Aim of the exercise: Repeat nothing but the lines below running from the one containing "by (simp add: sum_subtractf" to the one containing "by (simp only: trace_mult_radial)". Keep both end lines.
────────────────────────────────────────
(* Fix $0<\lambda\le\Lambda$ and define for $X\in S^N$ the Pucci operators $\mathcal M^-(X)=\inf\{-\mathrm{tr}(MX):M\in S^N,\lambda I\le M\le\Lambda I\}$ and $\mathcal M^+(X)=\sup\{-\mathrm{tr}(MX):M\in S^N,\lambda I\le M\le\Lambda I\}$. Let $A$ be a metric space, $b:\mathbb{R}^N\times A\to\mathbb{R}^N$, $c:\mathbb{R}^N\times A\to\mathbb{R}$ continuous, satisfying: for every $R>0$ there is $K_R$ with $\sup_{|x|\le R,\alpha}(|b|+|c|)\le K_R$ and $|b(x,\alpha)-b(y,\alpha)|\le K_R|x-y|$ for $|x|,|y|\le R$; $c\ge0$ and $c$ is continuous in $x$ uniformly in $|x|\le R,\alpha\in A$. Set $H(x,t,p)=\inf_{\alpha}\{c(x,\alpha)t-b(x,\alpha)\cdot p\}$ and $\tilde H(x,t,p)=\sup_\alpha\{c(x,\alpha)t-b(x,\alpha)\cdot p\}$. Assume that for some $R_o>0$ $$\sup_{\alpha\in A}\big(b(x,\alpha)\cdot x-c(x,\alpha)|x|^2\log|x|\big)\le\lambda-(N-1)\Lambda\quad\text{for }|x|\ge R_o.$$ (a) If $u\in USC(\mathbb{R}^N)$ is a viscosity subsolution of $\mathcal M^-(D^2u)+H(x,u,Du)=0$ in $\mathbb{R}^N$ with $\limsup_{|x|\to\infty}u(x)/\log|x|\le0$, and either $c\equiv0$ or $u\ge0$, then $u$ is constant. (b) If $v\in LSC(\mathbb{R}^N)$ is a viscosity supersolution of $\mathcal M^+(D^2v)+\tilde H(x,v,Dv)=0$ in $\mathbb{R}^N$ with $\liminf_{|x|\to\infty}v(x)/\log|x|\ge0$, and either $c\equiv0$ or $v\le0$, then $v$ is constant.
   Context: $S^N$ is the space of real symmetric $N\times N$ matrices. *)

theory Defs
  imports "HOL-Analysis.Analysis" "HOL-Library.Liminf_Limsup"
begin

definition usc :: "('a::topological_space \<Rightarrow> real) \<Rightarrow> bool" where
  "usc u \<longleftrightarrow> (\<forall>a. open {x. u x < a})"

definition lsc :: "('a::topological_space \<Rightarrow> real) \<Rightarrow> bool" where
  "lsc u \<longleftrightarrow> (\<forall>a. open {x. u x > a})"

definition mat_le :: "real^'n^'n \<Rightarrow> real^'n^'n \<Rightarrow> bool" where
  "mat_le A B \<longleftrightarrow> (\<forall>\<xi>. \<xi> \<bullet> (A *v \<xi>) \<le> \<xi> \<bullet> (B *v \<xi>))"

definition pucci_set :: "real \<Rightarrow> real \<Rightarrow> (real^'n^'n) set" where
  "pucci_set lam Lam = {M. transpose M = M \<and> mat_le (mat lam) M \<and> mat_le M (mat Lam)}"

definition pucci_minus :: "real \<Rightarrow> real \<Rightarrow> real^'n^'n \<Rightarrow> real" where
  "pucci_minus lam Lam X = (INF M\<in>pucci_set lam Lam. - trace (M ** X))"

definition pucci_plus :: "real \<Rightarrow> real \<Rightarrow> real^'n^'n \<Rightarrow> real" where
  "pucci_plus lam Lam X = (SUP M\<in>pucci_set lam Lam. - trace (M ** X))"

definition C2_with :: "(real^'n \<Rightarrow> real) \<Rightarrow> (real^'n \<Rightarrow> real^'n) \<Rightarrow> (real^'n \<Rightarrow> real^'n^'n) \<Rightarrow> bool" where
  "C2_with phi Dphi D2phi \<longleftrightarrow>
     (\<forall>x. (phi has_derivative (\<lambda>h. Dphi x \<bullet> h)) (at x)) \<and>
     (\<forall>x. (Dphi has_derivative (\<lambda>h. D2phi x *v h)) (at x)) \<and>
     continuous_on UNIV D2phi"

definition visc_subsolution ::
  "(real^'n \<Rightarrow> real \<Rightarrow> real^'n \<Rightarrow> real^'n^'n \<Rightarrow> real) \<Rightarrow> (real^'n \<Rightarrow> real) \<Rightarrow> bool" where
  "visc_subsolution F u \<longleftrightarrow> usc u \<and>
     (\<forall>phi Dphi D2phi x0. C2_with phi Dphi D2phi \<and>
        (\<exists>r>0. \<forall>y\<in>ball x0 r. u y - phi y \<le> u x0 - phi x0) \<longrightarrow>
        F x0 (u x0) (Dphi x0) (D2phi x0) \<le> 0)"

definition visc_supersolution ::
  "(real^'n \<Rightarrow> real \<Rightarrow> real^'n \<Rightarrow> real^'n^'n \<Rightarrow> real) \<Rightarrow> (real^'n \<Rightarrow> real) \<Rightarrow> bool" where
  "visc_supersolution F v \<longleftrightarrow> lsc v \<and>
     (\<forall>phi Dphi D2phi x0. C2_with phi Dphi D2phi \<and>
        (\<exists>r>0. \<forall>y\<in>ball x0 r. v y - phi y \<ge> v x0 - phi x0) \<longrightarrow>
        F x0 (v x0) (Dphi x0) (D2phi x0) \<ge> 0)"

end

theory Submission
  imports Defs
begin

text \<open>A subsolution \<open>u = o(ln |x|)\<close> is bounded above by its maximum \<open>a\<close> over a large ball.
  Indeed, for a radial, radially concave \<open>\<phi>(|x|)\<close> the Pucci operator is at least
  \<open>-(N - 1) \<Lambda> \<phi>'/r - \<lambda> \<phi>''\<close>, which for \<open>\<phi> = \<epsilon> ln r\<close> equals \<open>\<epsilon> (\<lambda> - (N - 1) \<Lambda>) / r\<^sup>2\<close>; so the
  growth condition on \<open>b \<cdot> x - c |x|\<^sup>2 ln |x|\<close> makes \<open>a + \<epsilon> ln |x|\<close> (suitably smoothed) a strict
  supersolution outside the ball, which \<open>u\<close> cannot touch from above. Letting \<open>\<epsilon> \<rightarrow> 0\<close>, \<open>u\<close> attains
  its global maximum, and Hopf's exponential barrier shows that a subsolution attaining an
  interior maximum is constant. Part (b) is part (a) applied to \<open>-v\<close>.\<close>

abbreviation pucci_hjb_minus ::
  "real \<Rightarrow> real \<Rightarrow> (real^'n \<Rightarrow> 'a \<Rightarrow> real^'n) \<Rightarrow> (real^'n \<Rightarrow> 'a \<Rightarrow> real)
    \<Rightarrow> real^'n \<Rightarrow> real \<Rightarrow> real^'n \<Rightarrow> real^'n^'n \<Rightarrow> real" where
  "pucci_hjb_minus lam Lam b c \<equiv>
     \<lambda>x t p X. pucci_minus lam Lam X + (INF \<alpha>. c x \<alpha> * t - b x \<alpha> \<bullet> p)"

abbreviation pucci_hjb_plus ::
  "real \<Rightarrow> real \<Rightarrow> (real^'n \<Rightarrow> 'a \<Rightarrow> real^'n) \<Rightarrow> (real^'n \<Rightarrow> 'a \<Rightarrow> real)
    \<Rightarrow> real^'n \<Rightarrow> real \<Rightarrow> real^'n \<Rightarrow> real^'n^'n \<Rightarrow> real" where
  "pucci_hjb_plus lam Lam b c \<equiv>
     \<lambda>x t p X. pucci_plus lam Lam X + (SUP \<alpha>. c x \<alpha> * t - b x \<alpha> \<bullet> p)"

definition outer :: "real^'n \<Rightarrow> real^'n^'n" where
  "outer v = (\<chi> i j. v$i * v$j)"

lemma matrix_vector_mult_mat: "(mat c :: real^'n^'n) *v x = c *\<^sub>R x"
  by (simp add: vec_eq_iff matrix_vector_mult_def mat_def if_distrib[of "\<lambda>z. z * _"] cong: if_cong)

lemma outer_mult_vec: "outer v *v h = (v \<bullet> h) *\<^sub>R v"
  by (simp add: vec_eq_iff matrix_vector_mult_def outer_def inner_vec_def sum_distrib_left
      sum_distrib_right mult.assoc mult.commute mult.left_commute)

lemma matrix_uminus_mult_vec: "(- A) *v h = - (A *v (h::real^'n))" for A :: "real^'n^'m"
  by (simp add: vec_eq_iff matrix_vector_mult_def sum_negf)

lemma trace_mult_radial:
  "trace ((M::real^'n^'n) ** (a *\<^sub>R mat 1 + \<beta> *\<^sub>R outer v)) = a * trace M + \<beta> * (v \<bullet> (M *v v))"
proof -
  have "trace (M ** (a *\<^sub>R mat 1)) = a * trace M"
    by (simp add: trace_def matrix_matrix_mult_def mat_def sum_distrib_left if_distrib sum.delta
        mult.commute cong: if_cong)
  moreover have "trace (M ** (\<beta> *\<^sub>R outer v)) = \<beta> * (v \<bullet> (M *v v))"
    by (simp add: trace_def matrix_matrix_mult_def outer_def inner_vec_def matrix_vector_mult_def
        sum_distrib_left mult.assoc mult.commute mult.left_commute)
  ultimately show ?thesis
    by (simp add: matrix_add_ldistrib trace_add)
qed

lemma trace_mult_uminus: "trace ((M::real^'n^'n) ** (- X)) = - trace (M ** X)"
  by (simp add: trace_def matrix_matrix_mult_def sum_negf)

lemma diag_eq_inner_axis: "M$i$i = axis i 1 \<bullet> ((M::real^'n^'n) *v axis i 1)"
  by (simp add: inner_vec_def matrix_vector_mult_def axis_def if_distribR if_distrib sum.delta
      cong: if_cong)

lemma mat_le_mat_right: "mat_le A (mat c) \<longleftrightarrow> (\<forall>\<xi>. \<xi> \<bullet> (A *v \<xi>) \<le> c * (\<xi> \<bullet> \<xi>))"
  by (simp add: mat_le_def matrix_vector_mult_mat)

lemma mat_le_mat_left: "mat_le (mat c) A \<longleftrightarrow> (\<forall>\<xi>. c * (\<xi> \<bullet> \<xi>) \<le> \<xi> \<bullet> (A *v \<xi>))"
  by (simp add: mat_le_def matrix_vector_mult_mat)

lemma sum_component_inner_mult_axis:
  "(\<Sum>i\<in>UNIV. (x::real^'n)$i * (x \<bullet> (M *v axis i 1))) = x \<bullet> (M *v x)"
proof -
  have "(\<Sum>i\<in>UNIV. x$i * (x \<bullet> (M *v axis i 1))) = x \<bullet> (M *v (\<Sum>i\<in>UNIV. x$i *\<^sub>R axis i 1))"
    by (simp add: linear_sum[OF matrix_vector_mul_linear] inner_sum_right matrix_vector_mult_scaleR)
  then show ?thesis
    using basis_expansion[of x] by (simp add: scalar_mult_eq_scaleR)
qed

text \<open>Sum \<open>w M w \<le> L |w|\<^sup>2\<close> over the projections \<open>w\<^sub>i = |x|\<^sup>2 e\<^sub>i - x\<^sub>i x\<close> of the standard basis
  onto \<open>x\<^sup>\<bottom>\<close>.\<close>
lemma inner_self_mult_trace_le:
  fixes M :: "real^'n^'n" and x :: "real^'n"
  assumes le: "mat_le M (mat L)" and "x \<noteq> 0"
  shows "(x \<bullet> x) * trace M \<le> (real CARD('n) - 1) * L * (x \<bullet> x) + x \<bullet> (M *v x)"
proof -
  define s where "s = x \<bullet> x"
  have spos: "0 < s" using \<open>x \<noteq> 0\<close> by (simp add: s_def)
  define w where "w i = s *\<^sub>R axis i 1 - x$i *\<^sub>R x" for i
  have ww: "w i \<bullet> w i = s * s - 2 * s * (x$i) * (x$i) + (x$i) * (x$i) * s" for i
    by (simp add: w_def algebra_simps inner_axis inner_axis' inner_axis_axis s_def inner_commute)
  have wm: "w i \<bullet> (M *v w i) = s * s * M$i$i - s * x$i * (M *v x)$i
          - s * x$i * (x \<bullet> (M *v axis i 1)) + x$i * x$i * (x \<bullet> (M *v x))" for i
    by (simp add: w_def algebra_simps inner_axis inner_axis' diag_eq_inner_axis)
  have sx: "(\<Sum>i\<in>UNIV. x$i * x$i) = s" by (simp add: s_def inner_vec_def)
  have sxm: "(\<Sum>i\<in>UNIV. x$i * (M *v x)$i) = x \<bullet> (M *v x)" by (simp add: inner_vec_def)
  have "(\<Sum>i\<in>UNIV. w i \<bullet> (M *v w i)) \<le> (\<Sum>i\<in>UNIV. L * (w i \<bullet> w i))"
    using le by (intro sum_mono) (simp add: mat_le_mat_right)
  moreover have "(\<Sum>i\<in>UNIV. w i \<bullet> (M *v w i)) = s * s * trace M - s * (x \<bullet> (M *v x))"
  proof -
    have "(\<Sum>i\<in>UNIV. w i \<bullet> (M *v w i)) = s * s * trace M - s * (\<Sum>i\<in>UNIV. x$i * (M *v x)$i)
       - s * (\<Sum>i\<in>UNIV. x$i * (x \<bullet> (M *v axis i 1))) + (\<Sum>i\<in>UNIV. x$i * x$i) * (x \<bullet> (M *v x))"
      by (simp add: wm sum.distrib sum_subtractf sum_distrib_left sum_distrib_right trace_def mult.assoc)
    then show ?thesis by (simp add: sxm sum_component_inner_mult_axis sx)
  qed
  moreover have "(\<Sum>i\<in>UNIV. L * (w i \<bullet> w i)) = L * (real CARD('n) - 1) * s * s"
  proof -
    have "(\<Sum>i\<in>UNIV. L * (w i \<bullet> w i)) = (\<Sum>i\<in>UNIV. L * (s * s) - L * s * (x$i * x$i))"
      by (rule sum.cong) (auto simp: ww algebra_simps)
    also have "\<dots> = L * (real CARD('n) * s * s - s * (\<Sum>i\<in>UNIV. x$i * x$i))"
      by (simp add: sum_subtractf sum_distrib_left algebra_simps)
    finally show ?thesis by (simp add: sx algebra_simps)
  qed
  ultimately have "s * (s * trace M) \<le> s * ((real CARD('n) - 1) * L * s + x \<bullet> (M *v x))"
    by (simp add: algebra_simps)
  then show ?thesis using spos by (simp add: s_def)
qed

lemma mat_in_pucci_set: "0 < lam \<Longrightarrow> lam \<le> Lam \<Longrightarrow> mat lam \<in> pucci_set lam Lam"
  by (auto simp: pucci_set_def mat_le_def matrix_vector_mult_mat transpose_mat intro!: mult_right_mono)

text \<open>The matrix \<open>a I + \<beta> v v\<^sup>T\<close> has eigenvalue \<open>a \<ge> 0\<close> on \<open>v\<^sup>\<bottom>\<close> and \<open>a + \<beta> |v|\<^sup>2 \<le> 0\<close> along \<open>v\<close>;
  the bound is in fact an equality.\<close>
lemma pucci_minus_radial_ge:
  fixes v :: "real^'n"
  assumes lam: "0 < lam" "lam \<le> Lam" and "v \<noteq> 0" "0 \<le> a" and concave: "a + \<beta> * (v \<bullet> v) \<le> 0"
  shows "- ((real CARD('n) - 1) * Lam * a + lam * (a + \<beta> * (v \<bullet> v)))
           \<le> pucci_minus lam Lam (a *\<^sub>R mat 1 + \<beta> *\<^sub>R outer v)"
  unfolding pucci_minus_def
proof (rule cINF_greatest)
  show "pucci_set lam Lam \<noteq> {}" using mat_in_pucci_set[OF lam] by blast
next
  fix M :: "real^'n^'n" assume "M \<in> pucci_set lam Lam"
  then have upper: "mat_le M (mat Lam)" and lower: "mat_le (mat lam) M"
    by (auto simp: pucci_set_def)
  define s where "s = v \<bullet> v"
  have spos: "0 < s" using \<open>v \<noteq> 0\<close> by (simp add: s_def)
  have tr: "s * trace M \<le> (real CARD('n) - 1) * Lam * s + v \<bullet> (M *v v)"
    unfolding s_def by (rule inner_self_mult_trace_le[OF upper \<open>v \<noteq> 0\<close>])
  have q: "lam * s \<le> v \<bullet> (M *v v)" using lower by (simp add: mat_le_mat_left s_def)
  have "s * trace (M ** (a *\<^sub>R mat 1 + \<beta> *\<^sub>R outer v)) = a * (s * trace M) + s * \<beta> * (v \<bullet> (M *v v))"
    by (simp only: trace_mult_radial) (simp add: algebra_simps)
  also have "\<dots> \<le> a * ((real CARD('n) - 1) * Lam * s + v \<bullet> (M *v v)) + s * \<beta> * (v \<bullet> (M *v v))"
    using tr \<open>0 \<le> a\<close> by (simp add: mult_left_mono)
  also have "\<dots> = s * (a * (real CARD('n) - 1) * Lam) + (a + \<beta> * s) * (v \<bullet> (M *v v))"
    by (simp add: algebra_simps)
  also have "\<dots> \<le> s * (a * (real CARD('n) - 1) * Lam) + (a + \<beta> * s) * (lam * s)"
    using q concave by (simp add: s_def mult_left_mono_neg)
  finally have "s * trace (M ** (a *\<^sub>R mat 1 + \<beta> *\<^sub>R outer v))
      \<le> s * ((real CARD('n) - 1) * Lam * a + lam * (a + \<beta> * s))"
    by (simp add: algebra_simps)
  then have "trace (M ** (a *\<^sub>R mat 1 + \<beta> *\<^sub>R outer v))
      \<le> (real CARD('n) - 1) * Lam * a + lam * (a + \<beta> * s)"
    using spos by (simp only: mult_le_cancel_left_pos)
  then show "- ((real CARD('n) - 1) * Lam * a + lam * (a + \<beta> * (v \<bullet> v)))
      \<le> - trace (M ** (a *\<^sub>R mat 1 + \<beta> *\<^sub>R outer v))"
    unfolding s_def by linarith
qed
────────────────────────────────────────
Answer below:
      by (simp add: sum_subtractf sum_distrib_left algebra_simps)
    finally show ?thesis by (simp add: sx algebra_simps)
  qed
  ultimately have "s * (s * trace M) \<le> s * ((real CARD('n) - 1) * L * s + x \<bullet> (M *v x))"
    by (simp add: algebra_simps)
  then show ?thesis using spos by (simp add: s_def)
qed

lemma mat_in_pucci_set: "0 < lam \<Longrightarrow> lam \<le> Lam \<Longrightarrow> mat lam \<in> pucci_set lam Lam"
  by (auto simp: pucci_set_def mat_le_def matrix_vector_mult_mat transpose_mat intro!: mult_right_mono)

text \<open>The matrix \<open>a I + \<beta> v v\<^sup>T\<close> has eigenvalue \<open>a \<ge> 0\<close> on \<open>v\<^sup>\<bottom>\<close> and \<open>a + \<beta> |v|\<^sup>2 \<le> 0\<close> along \<open>v\<close>;
  the bound is in fact an equality.\<close>
lemma pucci_minus_radial_ge:
  fixes v :: "real^'n"
  assumes lam: "0 < lam" "lam \<le> Lam" and "v \<noteq> 0" "0 \<le> a" and concave: "a + \<beta> * (v \<bullet> v) \<le> 0"
  shows "- ((real CARD('n) - 1) * Lam * a + lam * (a + \<beta> * (v \<bullet> v)))
           \<le> pucci_minus lam Lam (a *\<^sub>R mat 1 + \<beta> *\<^sub>R outer v)"
  unfolding pucci_minus_def
proof (rule cINF_greatest)
  show "pucci_set lam Lam \<noteq> {}" using mat_in_pucci_set[OF lam] by blast
next
  fix M :: "real^'n^'n" assume "M \<in> pucci_set lam Lam"
  then have upper: "mat_le M (mat Lam)" and lower: "mat_le (mat lam) M"
    by (auto simp: pucci_set_def)
  define s where "s = v \<bullet> v"
  have spos: "0 < s" using \<open>v \<noteq> 0\<close> by (simp add: s_def)
  have tr: "s * trace M \<le> (real CARD('n) - 1) * Lam * s + v \<bullet> (M *v v)"
    unfolding s_def by (rule inner_self_mult_trace_le[OF upper \<open>v \<noteq> 0\<close>])
  have q: "lam * s \<le> v \<bullet> (M *v v)" using lower by (simp add: mat_le_mat_left s_def)
  have "s * trace (M ** (a *\<^sub>R mat 1 + \<beta> *\<^sub>R outer v)) = a * (s * trace M) + s * \<beta> * (v \<bullet> (M *v v))"
    by (simp only: trace_mult_radial) (simp add: algebra_simps)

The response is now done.